EXERCISE → Present the lines below again, exactly as they stand.

RECORDS SUPPLIED →
--
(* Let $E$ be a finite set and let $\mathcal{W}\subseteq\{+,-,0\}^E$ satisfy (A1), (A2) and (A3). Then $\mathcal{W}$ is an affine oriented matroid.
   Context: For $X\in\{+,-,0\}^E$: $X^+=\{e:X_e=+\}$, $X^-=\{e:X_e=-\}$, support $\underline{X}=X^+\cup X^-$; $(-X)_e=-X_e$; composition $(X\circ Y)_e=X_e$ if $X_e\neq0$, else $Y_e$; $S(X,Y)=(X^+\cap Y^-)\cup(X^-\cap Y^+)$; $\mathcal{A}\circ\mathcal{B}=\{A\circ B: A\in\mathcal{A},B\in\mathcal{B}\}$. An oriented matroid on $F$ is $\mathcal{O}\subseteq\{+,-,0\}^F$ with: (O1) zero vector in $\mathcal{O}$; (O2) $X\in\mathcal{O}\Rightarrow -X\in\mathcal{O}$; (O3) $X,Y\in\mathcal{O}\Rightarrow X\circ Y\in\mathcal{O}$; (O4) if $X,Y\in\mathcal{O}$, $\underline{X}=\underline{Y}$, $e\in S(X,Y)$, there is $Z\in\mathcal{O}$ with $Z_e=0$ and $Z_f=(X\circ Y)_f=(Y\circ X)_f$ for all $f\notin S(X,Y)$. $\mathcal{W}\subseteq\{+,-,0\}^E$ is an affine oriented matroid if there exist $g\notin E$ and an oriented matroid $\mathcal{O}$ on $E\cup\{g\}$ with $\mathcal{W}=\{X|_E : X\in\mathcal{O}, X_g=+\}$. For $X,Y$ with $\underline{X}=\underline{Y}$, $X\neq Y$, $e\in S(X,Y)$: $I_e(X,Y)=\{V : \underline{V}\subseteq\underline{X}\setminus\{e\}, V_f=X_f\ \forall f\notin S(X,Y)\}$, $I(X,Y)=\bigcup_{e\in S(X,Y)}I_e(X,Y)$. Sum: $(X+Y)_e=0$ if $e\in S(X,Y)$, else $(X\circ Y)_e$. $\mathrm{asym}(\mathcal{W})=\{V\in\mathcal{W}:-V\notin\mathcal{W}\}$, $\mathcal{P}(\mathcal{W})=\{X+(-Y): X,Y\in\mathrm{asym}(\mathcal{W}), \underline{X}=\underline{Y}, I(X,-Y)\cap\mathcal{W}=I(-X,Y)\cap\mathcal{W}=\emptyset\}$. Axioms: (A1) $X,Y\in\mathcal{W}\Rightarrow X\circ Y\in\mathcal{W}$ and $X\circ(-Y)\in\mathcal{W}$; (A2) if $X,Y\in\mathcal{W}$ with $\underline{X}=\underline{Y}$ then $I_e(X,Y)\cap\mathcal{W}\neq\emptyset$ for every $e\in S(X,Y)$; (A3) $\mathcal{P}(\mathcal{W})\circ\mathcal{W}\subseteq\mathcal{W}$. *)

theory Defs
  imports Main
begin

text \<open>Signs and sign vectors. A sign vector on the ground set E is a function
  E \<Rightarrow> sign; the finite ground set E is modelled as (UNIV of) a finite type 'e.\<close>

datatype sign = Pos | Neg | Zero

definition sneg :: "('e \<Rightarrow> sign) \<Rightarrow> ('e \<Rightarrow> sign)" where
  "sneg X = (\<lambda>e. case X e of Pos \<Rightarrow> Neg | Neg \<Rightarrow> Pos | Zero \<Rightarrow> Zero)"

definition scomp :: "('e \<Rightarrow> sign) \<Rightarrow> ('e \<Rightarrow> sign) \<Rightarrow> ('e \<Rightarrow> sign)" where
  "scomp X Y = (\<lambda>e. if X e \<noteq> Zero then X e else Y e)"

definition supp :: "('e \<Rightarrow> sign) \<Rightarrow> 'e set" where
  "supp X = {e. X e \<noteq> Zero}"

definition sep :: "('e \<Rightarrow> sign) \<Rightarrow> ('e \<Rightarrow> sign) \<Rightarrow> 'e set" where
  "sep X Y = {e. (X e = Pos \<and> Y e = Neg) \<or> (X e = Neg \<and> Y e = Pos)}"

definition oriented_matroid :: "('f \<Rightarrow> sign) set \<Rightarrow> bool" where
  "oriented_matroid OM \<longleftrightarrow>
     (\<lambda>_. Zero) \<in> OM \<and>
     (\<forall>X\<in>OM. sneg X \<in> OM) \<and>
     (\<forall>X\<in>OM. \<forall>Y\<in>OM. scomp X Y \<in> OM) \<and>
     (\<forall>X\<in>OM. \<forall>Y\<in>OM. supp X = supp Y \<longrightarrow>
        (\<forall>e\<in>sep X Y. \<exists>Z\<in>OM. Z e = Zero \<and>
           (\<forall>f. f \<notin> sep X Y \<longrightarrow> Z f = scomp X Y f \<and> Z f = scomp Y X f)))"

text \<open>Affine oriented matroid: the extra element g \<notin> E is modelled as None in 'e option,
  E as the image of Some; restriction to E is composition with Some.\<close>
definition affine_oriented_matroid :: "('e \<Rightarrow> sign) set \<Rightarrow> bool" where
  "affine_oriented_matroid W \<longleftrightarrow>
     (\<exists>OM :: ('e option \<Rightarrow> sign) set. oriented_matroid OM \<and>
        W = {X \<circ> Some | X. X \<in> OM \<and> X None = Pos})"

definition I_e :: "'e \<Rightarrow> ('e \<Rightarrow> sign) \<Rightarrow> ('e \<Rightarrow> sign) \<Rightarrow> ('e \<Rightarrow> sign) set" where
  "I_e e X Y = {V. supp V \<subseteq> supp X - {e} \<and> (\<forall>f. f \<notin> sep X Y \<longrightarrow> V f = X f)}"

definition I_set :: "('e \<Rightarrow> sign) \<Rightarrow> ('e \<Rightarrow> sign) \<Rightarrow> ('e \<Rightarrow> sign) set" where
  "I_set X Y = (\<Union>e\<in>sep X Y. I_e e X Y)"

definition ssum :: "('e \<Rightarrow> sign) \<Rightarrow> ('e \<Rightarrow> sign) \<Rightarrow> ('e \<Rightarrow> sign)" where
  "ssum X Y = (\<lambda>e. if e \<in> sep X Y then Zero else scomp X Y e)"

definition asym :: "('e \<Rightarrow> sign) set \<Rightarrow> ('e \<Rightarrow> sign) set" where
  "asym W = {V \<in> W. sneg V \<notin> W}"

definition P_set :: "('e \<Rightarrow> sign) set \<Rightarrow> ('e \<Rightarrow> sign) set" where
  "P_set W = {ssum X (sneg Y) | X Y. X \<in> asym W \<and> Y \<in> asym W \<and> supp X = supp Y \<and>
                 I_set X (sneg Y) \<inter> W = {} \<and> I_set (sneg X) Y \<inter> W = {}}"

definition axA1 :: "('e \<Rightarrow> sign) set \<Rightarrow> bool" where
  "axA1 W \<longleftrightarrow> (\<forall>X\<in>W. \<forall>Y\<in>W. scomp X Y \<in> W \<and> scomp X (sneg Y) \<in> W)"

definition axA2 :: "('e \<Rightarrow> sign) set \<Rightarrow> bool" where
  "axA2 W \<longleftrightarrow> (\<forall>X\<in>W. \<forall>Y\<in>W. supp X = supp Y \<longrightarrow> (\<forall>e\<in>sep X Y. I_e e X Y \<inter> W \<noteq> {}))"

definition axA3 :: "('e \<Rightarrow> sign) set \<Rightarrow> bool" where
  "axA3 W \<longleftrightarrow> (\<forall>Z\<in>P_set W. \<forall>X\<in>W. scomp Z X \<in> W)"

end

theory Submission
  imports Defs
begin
--
REPLY TO THE TASK →
(* Let $E$ be a finite set and let $\mathcal{W}\subseteq\{+,-,0\}^E$ satisfy (A1), (A2) and (A3). Then $\mathcal{W}$ is an affine oriented matroid.
   Context: For $X\in\{+,-,0\}^E$: $X^+=\{e:X_e=+\}$, $X^-=\{e:X_e=-\}$, support $\underline{X}=X^+\cup X^-$; $(-X)_e=-X_e$; composition $(X\circ Y)_e=X_e$ if $X_e\neq0$, else $Y_e$; $S(X,Y)=(X^+\cap Y^-)\cup(X^-\cap Y^+)$; $\mathcal{A}\circ\mathcal{B}=\{A\circ B: A\in\mathcal{A},B\in\mathcal{B}\}$. An oriented matroid on $F$ is $\mathcal{O}\subseteq\{+,-,0\}^F$ with: (O1) zero vector in $\mathcal{O}$; (O2) $X\in\mathcal{O}\Rightarrow -X\in\mathcal{O}$; (O3) $X,Y\in\mathcal{O}\Rightarrow X\circ Y\in\mathcal{O}$; (O4) if $X,Y\in\mathcal{O}$, $\underline{X}=\underline{Y}$, $e\in S(X,Y)$, there is $Z\in\mathcal{O}$ with $Z_e=0$ and $Z_f=(X\circ Y)_f=(Y\circ X)_f$ for all $f\notin S(X,Y)$. $\mathcal{W}\subseteq\{+,-,0\}^E$ is an affine oriented matroid if there exist $g\notin E$ and an oriented matroid $\mathcal{O}$ on $E\cup\{g\}$ with $\mathcal{W}=\{X|_E : X\in\mathcal{O}, X_g=+\}$. For $X,Y$ with $\underline{X}=\underline{Y}$, $X\neq Y$, $e\in S(X,Y)$: $I_e(X,Y)=\{V : \underline{V}\subseteq\underline{X}\setminus\{e\}, V_f=X_f\ \forall f\notin S(X,Y)\}$, $I(X,Y)=\bigcup_{e\in S(X,Y)}I_e(X,Y)$. Sum: $(X+Y)_e=0$ if $e\in S(X,Y)$, else $(X\circ Y)_e$. $\mathrm{asym}(\mathcal{W})=\{V\in\mathcal{W}:-V\notin\mathcal{W}\}$, $\mathcal{P}(\mathcal{W})=\{X+(-Y): X,Y\in\mathrm{asym}(\mathcal{W}), \underline{X}=\underline{Y}, I(X,-Y)\cap\mathcal{W}=I(-X,Y)\cap\mathcal{W}=\emptyset\}$. Axioms: (A1) $X,Y\in\mathcal{W}\Rightarrow X\circ Y\in\mathcal{W}$ and $X\circ(-Y)\in\mathcal{W}$; (A2) if $X,Y\in\mathcal{W}$ with $\underline{X}=\underline{Y}$ then $I_e(X,Y)\cap\mathcal{W}\neq\emptyset$ for every $e\in S(X,Y)$; (A3) $\mathcal{P}(\mathcal{W})\circ\mathcal{W}\subseteq\mathcal{W}$. *)

theory Defs
  imports Main
begin

text \<open>Signs and sign vectors. A sign vector on the ground set E is a function
  E \<Rightarrow> sign; the finite ground set E is modelled as (UNIV of) a finite type 'e.\<close>

datatype sign = Pos | Neg | Zero

definition sneg :: "('e \<Rightarrow> sign) \<Rightarrow> ('e \<Rightarrow> sign)" where
  "sneg X = (\<lambda>e. case X e of Pos \<Rightarrow> Neg | Neg \<Rightarrow> Pos | Zero \<Rightarrow> Zero)"

definition scomp :: "('e \<Rightarrow> sign) \<Rightarrow> ('e \<Rightarrow> sign) \<Rightarrow> ('e \<Rightarrow> sign)" where
  "scomp X Y = (\<lambda>e. if X e \<noteq> Zero then X e else Y e)"

definition supp :: "('e \<Rightarrow> sign) \<Rightarrow> 'e set" where
  "supp X = {e. X e \<noteq> Zero}"

definition sep :: "('e \<Rightarrow> sign) \<Rightarrow> ('e \<Rightarrow> sign) \<Rightarrow> 'e set" where
  "sep X Y = {e. (X e = Pos \<and> Y e = Neg) \<or> (X e = Neg \<and> Y e = Pos)}"

definition oriented_matroid :: "('f \<Rightarrow> sign) set \<Rightarrow> bool" where
  "oriented_matroid OM \<longleftrightarrow>
     (\<lambda>_. Zero) \<in> OM \<and>
     (\<forall>X\<in>OM. sneg X \<in> OM) \<and>
     (\<forall>X\<in>OM. \<forall>Y\<in>OM. scomp X Y \<in> OM) \<and>
     (\<forall>X\<in>OM. \<forall>Y\<in>OM. supp X = supp Y \<longrightarrow>
        (\<forall>e\<in>sep X Y. \<exists>Z\<in>OM. Z e = Zero \<and>
           (\<forall>f. f \<notin> sep X Y \<longrightarrow> Z f = scomp X Y f \<and> Z f = scomp Y X f)))"

text \<open>Affine oriented matroid: the extra element g \<notin> E is modelled as None in 'e option,
  E as the image of Some; restriction to E is composition with Some.\<close>
definition affine_oriented_matroid :: "('e \<Rightarrow> sign) set \<Rightarrow> bool" where
  "affine_oriented_matroid W \<longleftrightarrow>
     (\<exists>OM :: ('e option \<Rightarrow> sign) set. oriented_matroid OM \<and>
        W = {X \<circ> Some | X. X \<in> OM \<and> X None = Pos})"

definition I_e :: "'e \<Rightarrow> ('e \<Rightarrow> sign) \<Rightarrow> ('e \<Rightarrow> sign) \<Rightarrow> ('e \<Rightarrow> sign) set" where
  "I_e e X Y = {V. supp V \<subseteq> supp X - {e} \<and> (\<forall>f. f \<notin> sep X Y \<longrightarrow> V f = X f)}"

definition I_set :: "('e \<Rightarrow> sign) \<Rightarrow> ('e \<Rightarrow> sign) \<Rightarrow> ('e \<Rightarrow> sign) set" where
  "I_set X Y = (\<Union>e\<in>sep X Y. I_e e X Y)"

definition ssum :: "('e \<Rightarrow> sign) \<Rightarrow> ('e \<Rightarrow> sign) \<Rightarrow> ('e \<Rightarrow> sign)" where
  "ssum X Y = (\<lambda>e. if e \<in> sep X Y then Zero else scomp X Y e)"

definition asym :: "('e \<Rightarrow> sign) set \<Rightarrow> ('e \<Rightarrow> sign) set" where
  "asym W = {V \<in> W. sneg V \<notin> W}"

definition P_set :: "('e \<Rightarrow> sign) set \<Rightarrow> ('e \<Rightarrow> sign) set" where
  "P_set W = {ssum X (sneg Y) | X Y. X \<in> asym W \<and> Y \<in> asym W \<and> supp X = supp Y \<and>
                 I_set X (sneg Y) \<inter> W = {} \<and> I_set (sneg X) Y \<inter> W = {}}"

definition axA1 :: "('e \<Rightarrow> sign) set \<Rightarrow> bool" where
  "axA1 W \<longleftrightarrow> (\<forall>X\<in>W. \<forall>Y\<in>W. scomp X Y \<in> W \<and> scomp X (sneg Y) \<in> W)"

definition axA2 :: "('e \<Rightarrow> sign) set \<Rightarrow> bool" where
  "axA2 W \<longleftrightarrow> (\<forall>X\<in>W. \<forall>Y\<in>W. supp X = supp Y \<longrightarrow> (\<forall>e\<in>sep X Y. I_e e X Y \<inter> W \<noteq> {}))"

definition axA3 :: "('e \<Rightarrow> sign) set \<Rightarrow> bool" where
  "axA3 W \<longleftrightarrow> (\<forall>Z\<in>P_set W. \<forall>X\<in>W. scomp Z X \<in> W)"

end

theory Submission
  imports Defs
begin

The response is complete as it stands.